WORK INSTRUCTIONS. Search the entries for lines that contain the word "lambda", and report each one found.

***** RECORDS FOR THIS TASK

(* Fix $\alpha>1$ and $K>1$. For $n\ge2$ let $\mathcal{M}=\mathcal{M}(\alpha,K)$ be the seeded intervals defined below, and let $N_n$ be the number of distinct integer triples $(s,v,e)$ with $(s,e]\in\mathcal{M}$ and $s<v<e$. Then $N_n=\mathcal{O}(n\log n)$, i.e. there is a constant $C$ depending only on $\alpha$ and $K$ such that $N_n\le Cn\log n$ for all $n\ge2$.
   Context: Seeded intervals $\mathcal{M}(\alpha,K)$ for sample size $n$: let $l_1=1$, $l_{j+1}=\max\{l_j+1,\lfloor\alpha l_j\rfloor\}$ for $j\ge1$, $H=\max\{j:l_j\le n/2\}$, $s_l=\max\{1,\lfloor l/K\rfloor\}$, $\mathcal{I}_l=\{(n-2l,n]\}\cup\{(is_l,\,is_l+2l]: i=0,1,\dots,\lfloor(n-2l)/s_l\rfloor\}$, and $\mathcal{M}(\alpha,K)=\bigcup_{j=1}^{H}\mathcal{I}_{l_j}$, where $(a,b]$ denotes the integer interval $\{a+1,\dots,b\}$. *)

theory Defs
  imports Complex_Main
begin

text \<open>Lengths l_1, l_2, ... ; here seed_l alpha j is l_(j+1) (0-indexed).\<close>
fun seed_l :: "real \<Rightarrow> nat \<Rightarrow> nat" where
  "seed_l \<alpha> 0 = 1"
| "seed_l \<alpha> (Suc j) = max (Suc (seed_l \<alpha> j)) (nat \<lfloor>\<alpha> * real (seed_l \<alpha> j)\<rfloor>)"

text \<open>H - 1 in 0-indexed form: the largest index j with l_(j+1) <= n/2.\<close>
definition seed_H :: "real \<Rightarrow> nat \<Rightarrow> nat" where
  "seed_H \<alpha> n = (GREATEST j. real (seed_l \<alpha> j) \<le> real n / 2)"

definition seed_shift :: "real \<Rightarrow> nat \<Rightarrow> nat" where
  "seed_shift K l = max 1 (nat \<lfloor>real l / K\<rfloor>)"

text \<open>Intervals (a,b] are represented by the pair (a,b).\<close>
definition seed_I :: "real \<Rightarrow> nat \<Rightarrow> nat \<Rightarrow> (nat \<times> nat) set" where
  "seed_I K n l = {(n - 2*l, n)} \<union>
     {(i * seed_shift K l, i * seed_shift K l + 2*l) | i. i \<le> (n - 2*l) div seed_shift K l}"

definition seeded_intervals :: "real \<Rightarrow> real \<Rightarrow> nat \<Rightarrow> (nat \<times> nat) set" where
  "seeded_intervals \<alpha> K n = (\<Union>j\<in>{0..seed_H \<alpha> n}. seed_I K n (seed_l \<alpha> j))"

definition seed_triples :: "real \<Rightarrow> real \<Rightarrow> nat \<Rightarrow> nat" where
  "seed_triples \<alpha> K n = card {(s, v, e). (s, e) \<in> seeded_intervals \<alpha> K n \<and> s < v \<and> v < e}"

end

theory Submission
  imports Defs
begin

text \<open>
  A seeded interval of length at most \<open>2l\<close> carries fewer than \<open>2l\<close> triples, and the
  intervals of one length \<open>l\<close> are spaced \<open>seed_shift K l \<ge> l/(2K)\<close> apart, so every level
  contributes \<open>O(K n)\<close> triples. Since \<open>l\<^sub>j\<close> eventually grows by a factor close to \<open>\<alpha>\<close>,
  the lengths bounded by \<open>n/2\<close> form only \<open>O(log n)\<close> levels.
\<close>

lemma seed_l_ge: "Suc j \<le> seed_l a j"
  by (induction j) auto

lemma mono_seed_l: "mono (seed_l a)"
  by (rule incseq_SucI) simp

text \<open>Once \<open>l\<^sub>j \<ge> 1/(a - \<beta>)\<close>, the rounding loss in \<open>\<lfloor>a l\<^sub>j\<rfloor>\<close> is absorbed by \<open>(a - \<beta>) l\<^sub>j\<close>.\<close>

lemma seed_l_geometric_growth:
  assumes "1 \<le> \<beta>" and "\<beta> < a"
  defines "M \<equiv> nat \<lceil>1 / (a - \<beta>)\<rceil>"
  shows "\<beta> ^ j \<le> \<beta> ^ M * real (seed_l a j)"
proof (induction j)
  case 0
  show ?case using assms(1) by simp
next
  case (Suc j)
  show ?case
  proof (cases "Suc j \<le> M")
    case True
    have "\<beta> ^ Suc j \<le> \<beta> ^ M" using True assms(1) by (rule power_increasing)
    also have "\<dots> \<le> \<beta> ^ M * real (seed_l a (Suc j))"
      using seed_l_ge[of "Suc j" a] assms(1) by simp
    finally show ?thesis .
  next
    case False
    let ?l = "real (seed_l a j)"
    have "?l \<ge> 1 / (a - \<beta>)"
      using seed_l_ge[of j a] False unfolding M_def by linarith
    then have "a * ?l - 1 \<ge> \<beta> * ?l"
      using assms(2) by (simp add: field_simps)
    moreover have "real (seed_l a (Suc j)) \<ge> a * ?l - 1"
      by simp linarith
    ultimately have step: "\<beta> * ?l \<le> real (seed_l a (Suc j))"
      by linarith
    have "\<beta> ^ Suc j \<le> \<beta> * (\<beta> ^ M * ?l)"
      using Suc.IH assms(1) by simp
    also have "\<dots> \<le> \<beta> ^ M * real (seed_l a (Suc j))"
      using mult_left_mono[OF step, of "\<beta> ^ M"] assms(1) by (simp add: ac_simps)
    finally show ?thesis .
  qed
qed

lemma seed_l_seed_H_le:
  assumes "2 \<le> n"
  shows "real (seed_l a (seed_H a n)) \<le> real n / 2"
  unfolding seed_H_def
proof (rule GreatestI_nat)
  show "real (seed_l a 0) \<le> real n / 2" using assms by simp
  show "j \<le> n" if "real (seed_l a j) \<le> real n / 2" for j
    using seed_l_ge[of j a] that by linarith
qed

lemma seed_H_log_bound:
  assumes "1 < a"
  shows "\<exists>C. \<forall>n. 2 \<le> n \<longrightarrow> real (seed_H a n) + 1 \<le> C * ln (real n)"
proof -
  define \<beta> where "\<beta> = (1 + a) / 2"
  define M where "M = nat \<lceil>1 / (a - \<beta>)\<rceil>"
  have \<beta>: "1 < \<beta>" "\<beta> < a" using assms unfolding \<beta>_def by simp_all
  define C where "C = (real M + 1) / ln 2 + 1 / ln \<beta>"
  have "real (seed_H a n) + 1 \<le> C * ln (real n)" if n: "2 \<le> n" for n
  proof -
    let ?H = "seed_H a n"
    have "\<beta> ^ ?H \<le> \<beta> ^ M * real (seed_l a ?H)"
      using seed_l_geometric_growth[of \<beta> a ?H] \<beta> unfolding M_def by simp
    also have "\<dots> \<le> \<beta> ^ M * real n"
      using seed_l_seed_H_le[OF n, of a] \<beta> by (intro mult_left_mono) auto
    finally have "ln (\<beta> ^ ?H) \<le> ln (\<beta> ^ M * real n)"
      using \<beta> by (intro ln_mono) auto
    then have "real ?H * ln \<beta> \<le> real M * ln \<beta> + ln (real n)"
      using \<beta> n by (simp add: ln_mult ln_realpow)
    then have "real ?H \<le> real M + ln (real n) / ln \<beta>"
      using \<beta> by (simp add: field_simps)
    moreover have "real M + 1 \<le> (real M + 1) / ln 2 * ln (real n)"
      using n by (simp add: field_simps add_mono mult_left_mono)
    ultimately show ?thesis unfolding C_def by (simp add: algebra_simps)
  qed
  then show ?thesis by blast
qed

definition triples_over :: "(nat \<times> nat) set \<Rightarrow> (nat \<times> nat \<times> nat) set" where
  "triples_over A = {(s, v, e). (s, e) \<in> A \<and> s < v \<and> v < e}"

lemma triples_over_UN: "triples_over (\<Union>i\<in>I. A i) = (\<Union>i\<in>I. triples_over (A i))"
  unfolding triples_over_def by auto

lemma seed_triples_eq: "seed_triples a K n = card (triples_over (seeded_intervals a K n))"
  unfolding seed_triples_def triples_over_def ..

lemma card_triples_over_le:
  assumes "finite A" and "\<And>s e. (s, e) \<in> A \<Longrightarrow> e - s \<le> L"
  shows "card (triples_over A) \<le> L * card A"
proof -
  have "triples_over A = (\<Union>(s, e)\<in>A. (\<lambda>v. (s, v, e)) ` {s<..<e})"
    unfolding triples_over_def by auto
  also have "card \<dots> \<le> (\<Sum>(s, e)\<in>A. card ((\<lambda>v. (s, v, e)) ` {s<..<e}))"
    using card_UN_le[OF assms(1)] by (simp add: case_prod_beta')
  also have "\<dots> \<le> (\<Sum>(s, e)\<in>A. L)"
  proof (rule sum_mono, clarify)
    fix s e assume "(s, e) \<in> A"
    have "card ((\<lambda>v. (s, v, e)) ` {s<..<e}) \<le> card {s<..<e}"
      by (rule card_image_le) simp
    also have "\<dots> \<le> e - s"
      by simp
    finally show "card ((\<lambda>v. (s, v, e)) ` {s<..<e}) \<le> L"
      using assms(2)[OF \<open>(s, e) \<in> A\<close>] by linarith
  qed
  finally show ?thesis by (simp add: mult.commute)
qed

lemma seed_I_eq:
  "seed_I K n l = insert (n - 2 * l, n)
     ((\<lambda>i. (i * seed_shift K l, i * seed_shift K l + 2 * l)) ` {..(n - 2 * l) div seed_shift K l})"
  unfolding seed_I_def by auto

lemma finite_seed_I: "finite (seed_I K n l)"
  unfolding seed_I_eq by simp

lemma card_seed_I_le: "card (seed_I K n l) \<le> (n - 2 * l) div seed_shift K l + 2"
  unfolding seed_I_eq
  by (rule order_trans[OF card_insert_le_m1]) (auto intro: order_trans[OF card_image_le])

lemma seed_I_length_le: "(s, e) \<in> seed_I K n l \<Longrightarrow> e - s \<le> 2 * l"
  unfolding seed_I_def by auto

lemma seed_shift_lower_bound:
  assumes "0 < K"
  shows "real l \<le> 2 * K * real (seed_shift K l)"
proof (cases "real l < 2 * K")
  case True
  have "1 \<le> real (seed_shift K l)" unfolding seed_shift_def by simp
  then have "2 * K * 1 \<le> 2 * K * real (seed_shift K l)"
    using assms by (intro mult_left_mono) auto
  then show ?thesis using True by linarith
next
  case False
  then have "2 \<le> real l / K" using assms by (simp add: field_simps)
  then have "real l / (2 * K) \<le> real l / K - 1"
    using assms by (simp add: field_simps)
  also have "\<dots> \<le> real (seed_shift K l)"
    unfolding seed_shift_def by linarith
  finally show ?thesis using assms by (simp add: field_simps)
qed

lemma card_triples_over_seed_I_le:
  assumes "0 < K" and "2 * l \<le> n"
  shows "real (card (triples_over (seed_I K n l))) \<le> (2 + 4 * K) * real n"
proof -
  let ?s = "seed_shift K l"
  let ?q = "(n - 2 * l) div ?s"
  have qs: "real ?q * real ?s \<le> real n"
    by (metis of_nat_le_iff of_nat_mult div_times_less_eq_dividend diff_le_self le_trans)
  have "card (triples_over (seed_I K n l)) \<le> 2 * l * card (seed_I K n l)"
    by (rule card_triples_over_le[OF finite_seed_I seed_I_length_le])
  also have "\<dots> \<le> 2 * l * (?q + 2)"
    by (intro mult_left_mono card_seed_I_le) simp
  finally have "real (card (triples_over (seed_I K n l))) \<le> real (2 * l * (?q + 2))"
    by (simp only: of_nat_le_iff)
  also have "\<dots> = 4 * real l + 2 * real l * real ?q"
    by (simp add: algebra_simps)
  also have "\<dots> \<le> 2 * real n + 2 * (2 * K * real ?s) * real ?q"
    using assms(2) seed_shift_lower_bound[OF assms(1), of l]
    by (intro add_mono mult_right_mono) auto
  also have "\<dots> \<le> (2 + 4 * K) * real n"
    using qs assms(1) by (simp add: algebra_simps)
  finally show ?thesis .
qed

lemma seed_triples_le:
  assumes "0 < K" and "2 \<le> n"
  shows "real (seed_triples a K n) \<le> (real (seed_H a n) + 1) * ((2 + 4 * K) * real n)"
proof -
  let ?H = "seed_H a n"
  have "seed_triples a K n \<le> (\<Sum>j\<in>{0..?H}. card (triples_over (seed_I K n (seed_l a j))))"
    unfolding seed_triples_eq seeded_intervals_def triples_over_UN
    by (rule card_UN_le) simp
  then have "real (seed_triples a K n)
      \<le> (\<Sum>j\<in>{0..?H}. real (card (triples_over (seed_I K n (seed_l a j)))))"
    unfolding of_nat_sum[symmetric] by (rule of_nat_mono)
  also have "\<dots> \<le> (\<Sum>j\<in>{0..?H}. (2 + 4 * K) * real n)"
  proof (rule sum_mono)
    fix j assume "j \<in> {0..?H}"
    then have "seed_l a j \<le> seed_l a ?H" by (simp add: monoD[OF mono_seed_l])
    then have "2 * seed_l a j \<le> n" using seed_l_seed_H_le[OF assms(2), of a] by linarith
    then show "real (card (triples_over (seed_I K n (seed_l a j)))) \<le> (2 + 4 * K) * real n"
      by (rule card_triples_over_seed_I_le[OF assms(1)])
  qed
  finally show ?thesis by (simp add: add.commute)
qed

theorem lemma9:
  fixes \<alpha> K :: real
  assumes "\<alpha> > 1" and "K > 1"
  shows "\<exists>C. \<forall>n::nat. n \<ge> 2 \<longrightarrow> real (seed_triples \<alpha> K n) \<le> C * real n * ln (real n)"
proof -
  obtain C where C: "\<And>n. 2 \<le> n \<Longrightarrow> real (seed_H \<alpha> n) + 1 \<le> C * ln (real n)"
    using seed_H_log_bound[OF assms(1)] by blast
  have "real (seed_triples \<alpha> K n) \<le> C * (2 + 4 * K) * real n * ln (real n)" if "2 \<le> n" for n
  proof -
    have "real (seed_triples \<alpha> K n) \<le> (real (seed_H \<alpha> n) + 1) * ((2 + 4 * K) * real n)"
      using seed_triples_le[of K n \<alpha>] assms(2) that by simp
    also have "\<dots> \<le> C * ln (real n) * ((2 + 4 * K) * real n)"
      using C[OF that] assms(2) by (intro mult_right_mono) auto
    finally show ?thesis by (simp add: ac_simps)
  qed
  then show ?thesis by blast
qed

end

**********

WORKED SOLUTION.
  have "triples_over A = (\<Union>(s, e)\<in>A. (\<lambda>v. (s, v, e)) ` {s<..<e})"
  also have "card \<dots> \<le> (\<Sum>(s, e)\<in>A. card ((\<lambda>v. (s, v, e)) ` {s<..<e}))"
    have "card ((\<lambda>v. (s, v, e)) ` {s<..<e}) \<le> card {s<..<e}"
    finally show "card ((\<lambda>v. (s, v, e)) ` {s<..<e}) \<le> L"
     ((\<lambda>i. (i * seed_shift K l, i * seed_shift K l + 2 * l)) ` {..(n - 2 * l) div seed_shift K l})"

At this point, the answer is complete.